Please count the lines in the data below that mention the word "moreover", then give only the total.

*** Block opens ***

lemma hom_count_gadget_tensor_graph:
  assumes F: "simple_graph F" and A\<^sub>0: "A\<^sub>0 \<subseteq> edges F" and X: "simple_graph X" and K: "simple_graph K"
  shows "hom_count F (gadget F A\<^sub>0 (tensor_graph X K)) =
    (\<Sum>(h, T)\<in>(SIGMA h:verts F \<rightarrow>\<^sub>E verts F. Pow (edges_mapped_into F A\<^sub>0 h)).
       collapse_count F T (edges_mapped_into F (edges (loop_graph F A\<^sub>0)) h) X *
       collapse_count F T (edges_mapped_into F (edges (loop_graph F A\<^sub>0)) h) K)"
proof -
  let ?N = "edges_mapped_into F A\<^sub>0" and ?A = "edges_mapped_into F (edges (loop_graph F A\<^sub>0))"
  have XK: "simple_graph (tensor_graph X K)"
    using X K by (simp add: simple_graph_tensor_graph simple_graph_finite_verts)
  have "hom_count F (gadget F A\<^sub>0 (tensor_graph X K)) =
      (\<Sum>h\<in>verts F \<rightarrow>\<^sub>E verts F. \<Sum>T\<in>Pow (?N h). collapse_count F T (?A h) X * collapse_count F T (?A h) K)"
    unfolding hom_count_gadget[OF F A\<^sub>0 XK]
  proof (intro sum.cong[OF refl] collapse_count_tensor_graph[OF F])
    fix h T assume "T \<in> Pow (?N h)"
    then show "T \<subseteq> ?A h"
      unfolding edges_mapped_into_def loop_graph_def by auto
    show "?A h \<subseteq> edges F"
      unfolding edges_mapped_into_def by auto
  qed (use X K in \<open>simp_all add: simple_graph_finite_verts\<close>)
  also have "\<dots> = (\<Sum>(h, T)\<in>(SIGMA h:verts F \<rightarrow>\<^sub>E verts F. Pow (?N h)).
      collapse_count F T (?A h) X * collapse_count F T (?A h) K)"
    using simple_graph_finite_verts[OF F] simple_graph_finite_edges[OF F]
    by (intro sum.Sigma) (auto simp: finite_PiE edges_mapped_into_def)
  finally show ?thesis .
qed

lemma edges_mapped_into_id:
  assumes F: "simple_graph F" and A\<^sub>0: "A\<^sub>0 \<subseteq> edges F"
  shows "edges_mapped_into F A\<^sub>0 (\<lambda>x\<in>verts F. x) = A\<^sub>0"
    and "edges_mapped_into F (edges (loop_graph F A\<^sub>0)) (\<lambda>x\<in>verts F. x) = A\<^sub>0"
proof -
  have id_edge: "(\<lambda>x\<in>verts F. x) ` e = e" if e: "e \<in> edges F" for e
  proof -
    obtain u v where "u \<in> verts F" "v \<in> verts F" "e = {u, v}"
      using simple_graph_edgeE[OF F e] by metis
    then show ?thesis by simp
  qed
  then show "edges_mapped_into F A\<^sub>0 (\<lambda>x\<in>verts F. x) = A\<^sub>0"
    "edges_mapped_into F (edges (loop_graph F A\<^sub>0)) (\<lambda>x\<in>verts F. x) = A\<^sub>0"
    using A\<^sub>0 simple_graph_singleton_notin_edges[OF F]
    unfolding edges_mapped_into_def loop_graph_def by auto
qed

lemma gadget_pairings_eq_if_complement_invariant:
  fixes K :: "nat graph"
  assumes simp\<F>: "\<forall>F\<in>\<F>. simple_graph F"
    and compl: "\<forall>G H. simple_graph G \<longrightarrow> simple_graph H \<longrightarrow> hom_equiv \<F> G H \<longrightarrow>
      hom_equiv \<F> (complement G) (complement H)"
    and F: "F \<in> \<F>" and A\<^sub>0: "A\<^sub>0 \<subseteq> edges F"
    and G: "simple_graph G" and H: "simple_graph H" and GH: "hom_equiv \<F> G H" and K: "simple_graph K"
  shows "(\<Sum>(h, T)\<in>(SIGMA h:verts F \<rightarrow>\<^sub>E verts F. Pow (edges_mapped_into F A\<^sub>0 h)).
       collapse_count F T (edges_mapped_into F (edges (loop_graph F A\<^sub>0)) h) G *
       collapse_count F T (edges_mapped_into F (edges (loop_graph F A\<^sub>0)) h) K) =
    (\<Sum>(h, T)\<in>(SIGMA h:verts F \<rightarrow>\<^sub>E verts F. Pow (edges_mapped_into F A\<^sub>0 h)).
       collapse_count F T (edges_mapped_into F (edges (loop_graph F A\<^sub>0)) h) H *
       collapse_count F T (edges_mapped_into F (edges (loop_graph F A\<^sub>0)) h) K)"
proof -
  have "simple_graph F"
    using simp\<F> F by blast
  have "hom_equiv \<F> (gadget F A\<^sub>0 (tensor_graph G K)) (gadget F A\<^sub>0 (tensor_graph H K))"
    using simp\<F> compl simple_graph_finite_verts[OF \<open>simple_graph F\<close>] G H K GH
    by (intro hom_equiv_gadget hom_equiv_tensor_graph)
      (simp_all add: simple_graph_tensor_graph simple_graph_finite_verts)
  then have "hom_count F (gadget F A\<^sub>0 (tensor_graph G K)) = hom_count F (gadget F A\<^sub>0 (tensor_graph H K))"
    using F unfolding hom_equiv_def by blast
  then show ?thesis
    unfolding hom_count_gadget_tensor_graph[OF \<open>simple_graph F\<close> A\<^sub>0 G K]
      hom_count_gadget_tensor_graph[OF \<open>simple_graph F\<close> A\<^sub>0 H K] .
qed

text \<open>The hom counts into the gadgets over \<open>G \<times> K\<close> are bilinear forms in the collapse-count vectors
  of \<open>G\<close> and \<open>K\<close>; as the collapse counts are multiplicative in \<open>K\<close>, this determines the vector of \<open>G\<close>.
  The identity map on \<open>V(F\<^sub>0)\<close> then picks out \<open>collapse_count F\<^sub>0 T\<^sub>0 A\<^sub>0\<close>.\<close>
lemma collapse_count_eq_if_complement_invariant:
  assumes simp\<F>: "\<forall>F\<in>\<F>. simple_graph F"
    and compl: "\<forall>G H. simple_graph G \<longrightarrow> simple_graph H \<longrightarrow> hom_equiv \<F> G H \<longrightarrow>
      hom_equiv \<F> (complement G) (complement H)"
    and F\<^sub>0: "F\<^sub>0 \<in> \<F>" and T\<^sub>0: "T\<^sub>0 \<subseteq> A\<^sub>0" and A\<^sub>0: "A\<^sub>0 \<subseteq> edges F\<^sub>0"
    and G: "simple_graph G" and H: "simple_graph H" and GH: "hom_equiv \<F> G H"
  shows "collapse_count F\<^sub>0 T\<^sub>0 A\<^sub>0 G = collapse_count F\<^sub>0 T\<^sub>0 A\<^sub>0 H"
proof -
  have F: "simple_graph F\<^sub>0"
    using simp\<F> F\<^sub>0 by blast
  let ?N = "edges_mapped_into F\<^sub>0 A\<^sub>0" and ?A = "edges_mapped_into F\<^sub>0 (edges (loop_graph F\<^sub>0 A\<^sub>0))"
  let ?S = "Collect simple_graph"
  define I where "I = (SIGMA h:verts F\<^sub>0 \<rightarrow>\<^sub>E verts F\<^sub>0. Pow (?N h))"
  define \<psi> :: "(nat \<Rightarrow> nat) \<times> nat set set \<Rightarrow> nat graph \<Rightarrow> nat"
    where "\<psi> = (\<lambda>(h, T). collapse_count F\<^sub>0 T (?A h))"
  have "finite I"
    using simple_graph_finite_verts[OF F] simple_graph_finite_edges[OF F]
    unfolding I_def by (auto simp: finite_PiE edges_mapped_into_def intro!: finite_SigmaI)
  moreover have "\<forall>X\<in>?S. \<forall>K\<in>?S. \<exists>Z\<in>?S. \<forall>i\<in>I. \<psi> i Z = \<psi> i X * \<psi> i K"
  proof (intro ballI)
    fix X K :: "nat graph" assume "X \<in> ?S" "K \<in> ?S"
    then have X: "simple_graph X" and K: "simple_graph K"
      by simp_all
    have sub: "T \<subseteq> ?A h" "?A h \<subseteq> edges F\<^sub>0" if "(h, T) \<in> I" for h T
      using that unfolding I_def edges_mapped_into_def loop_graph_def by auto
    have "\<psi> i (tensor_graph X K) = \<psi> i X * \<psi> i K" if "i \<in> I" for i
      using sub[of "fst i" "snd i"] that X K unfolding \<psi>_def
      by (simp add: split_beta collapse_count_tensor_graph[OF F] simple_graph_finite_verts)
    moreover have "tensor_graph X K \<in> ?S"
      using X K by (simp add: simple_graph_tensor_graph simple_graph_finite_verts)
    ultimately show "\<exists>Z\<in>?S. \<forall>i\<in>I. \<psi> i Z = \<psi> i X * \<psi> i K"
      by blast
  qed
  moreover have "\<forall>K\<in>?S. (\<Sum>i\<in>I. \<psi> i G * \<psi> i K) = (\<Sum>i\<in>I. \<psi> i H * \<psi> i K)"
    using gadget_pairings_eq_if_complement_invariant[OF simp\<F> compl F\<^sub>0 A\<^sub>0 G H GH]
    unfolding I_def \<psi>_def by (simp add: split_def)
  moreover have "(\<lambda>x\<in>verts F\<^sub>0. x, T\<^sub>0) \<in> I"
    using T\<^sub>0 edges_mapped_into_id[OF F A\<^sub>0] unfolding I_def by simp
  ultimately have "\<psi> (\<lambda>x\<in>verts F\<^sub>0. x, T\<^sub>0) G = \<psi> (\<lambda>x\<in>verts F\<^sub>0. x, T\<^sub>0) H"
    using G H by (intro multiplicative_family_separates[where S = ?S]) auto
  then show ?thesis
    using edges_mapped_into_id[OF F A\<^sub>0] by (simp add: \<psi>_def)
qed

section \<open>Contractions and minors\<close>

definition block_of :: "'a set set \<Rightarrow> 'a \<Rightarrow> 'a set" where
  "block_of \<P> v = (THE P. P \<in> \<P> \<and> v \<in> P)"

lemma block_of_eq:
  assumes "is_partition \<P> V" "P \<in> \<P>" "v \<in> P"
  shows "block_of \<P> v = P"
  unfolding block_of_def
proof (rule the_equality)
  fix Q assume "Q \<in> \<P> \<and> v \<in> Q"
  with assms show "Q = P"
    unfolding is_partition_def by blast
qed (use assms in simp)

lemma block_of_mem:
  assumes "is_partition \<P> V" "v \<in> V"
  shows "block_of \<P> v \<in> \<P>" "v \<in> block_of \<P> v"
proof -
  obtain P where "P \<in> \<P>" "v \<in> P"
    using assms unfolding is_partition_def by blast
  with block_of_eq[OF assms(1)] show "block_of \<P> v \<in> \<P>" "v \<in> block_of \<P> v"
    by simp_all
qed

*** Block closes ***

- _Answer area_
4